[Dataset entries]
lemma unique_minimizer_iff:
  "(\<exists>!p. p \<in> Sm \<and> (\<forall>p'\<in>Sm. post_risk P p \<le> post_risk P p')) \<longleftrightarrow> (\<forall>j\<in>{1..CARD('m)}. lam j \<noteq> 1)"
proof
  assume unique: "\<exists>!p. p \<in> Sm \<and> (\<forall>p'\<in>Sm. post_risk P p \<le> post_risk P p')"
  show "\<forall>j\<in>{1..CARD('m)}. lam j \<noteq> 1"
  proof (intro ballI notI)
    fix j assume j: "j \<in> {1..CARD('m)}" "lam j = 1"
    then obtain K0 K1 where K: "is_kmin lam CARD('m) K0" "is_kmin lam CARD('m) K1" "K0 < j" "j \<le> K1"
      using two_kmins_if_eigenvalue_one[OF antimono] by blast
    have "K0 \<le> CARD('m)" "K1 \<le> CARD('m)" using K(1,2) by (simp_all add: is_kmin_def)
    then have "projU U K0 *v U j = 0" "projU U K1 *v U j = U j"
      using projU_mult_orthonormal[OF orth _ j(1)] K(3,4) by auto
    moreover have "U j \<noteq> 0" using orthonormal_uptoD[OF orth j(1) j(1)] by auto
    ultimately have "candidate K0 \<noteq> candidate K1" by (auto simp: candidate_def)
    moreover have "candidate K0 = candidate K1"
      using unique kmin_candidate_minimizes[OF K(1)] kmin_candidate_minimizes[OF K(2)] by blast
    ultimately show False by simp
  qed
next
  assume ne1: "\<forall>j\<in>{1..CARD('m)}. lam j \<noteq> 1"
  obtain K where K: "is_kmin lam CARD('m) K" "\<forall>j\<in>{1..CARD('m)}. 1 < lam j \<longleftrightarrow> j \<le> K"
    using antimono by (rule is_kmin_threshold[of _ lam "(<) 1"]) auto
  show "\<exists>!p. p \<in> Sm \<and> (\<forall>p'\<in>Sm. post_risk P p \<le> post_risk P p')"
    using kmin_candidate_minimizes[OF K(1)] minimizer_eq_candidate[OF ne1 K] by blast
qed

end

theorem theorem3:
  fixes P :: "((real^'m^'m) \<times> (real^'m)) measure"
    and U :: "nat \<Rightarrow> real^'m" and lam :: "nat \<Rightarrow> real"
  assumes prob: "prob_space P"
    and sets_P: "sets P = sets borel"
    and supp: "AE q in P. q \<in> Sm"
    and integ: "integrable P (\<lambda>q. (norm (snd q))\<^sup>2)"
    and orth: "\<forall>i\<in>{1..CARD('m)}. \<forall>j\<in>{1..CARD('m)}. U i \<bullet> U j = (if i = j then 1 else 0)"
    and sorted: "\<forall>i\<in>{1..CARD('m)}. \<forall>j\<in>{1..CARD('m)}. i \<le> j \<longrightarrow> lam j \<le> lam i"
    and decomp: "2 *\<^sub>R (\<integral>q. fst q \<partial>P) - outer (\<integral>q. snd q \<partial>P) (\<integral>q. snd q \<partial>P)
                   = (\<Sum>j=1..CARD('m). lam j *\<^sub>R outer (U j) (U j))"
  shows "(\<forall>k. is_kmin lam CARD('m) k \<longrightarrow> (projU U k, (mat 1 - projU U k) *v (\<integral>q. snd q \<partial>P)) \<in> Sm \<and> (\<forall>p\<in>Sm. post_risk P (projU U k, (mat 1 - projU U k) *v (\<integral>q. snd q \<partial>P)) \<le> post_risk P p))
       \<and> ((\<exists>!p. p \<in> Sm \<and> (\<forall>p'\<in>Sm. post_risk P p \<le> post_risk P p'))
          \<longleftrightarrow> ((\<exists>!k. is_kmin lam CARD('m) k) \<and>
               (\<forall>k. is_kmin lam CARD('m) k \<longrightarrow> 1 \<le> k \<longrightarrow> k < CARD('m) \<longrightarrow> lam k > lam (k + 1))))"
proof -
  interpret spectral_posterior P U lam
    by (intro spectral_posterior.intro) (simp_all add: assms orthonormal_upto_def monotone_on_def)
  show ?thesis
    using kmin_candidate_minimizes unique_minimizer_iff unique_kmin_iff[OF antimono]
    unfolding candidate_def mean_offset_def by simp
qed

end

## Your instructions
Copy each line above that has the word "outer".

## Result
    and decomp: "2 *\<^sub>R (\<integral>q. fst q \<partial>P) - outer (\<integral>q. snd q \<partial>P) (\<integral>q. snd q \<partial>P)
                   = (\<Sum>j=1..CARD('m). lam j *\<^sub>R outer (U j) (U j))"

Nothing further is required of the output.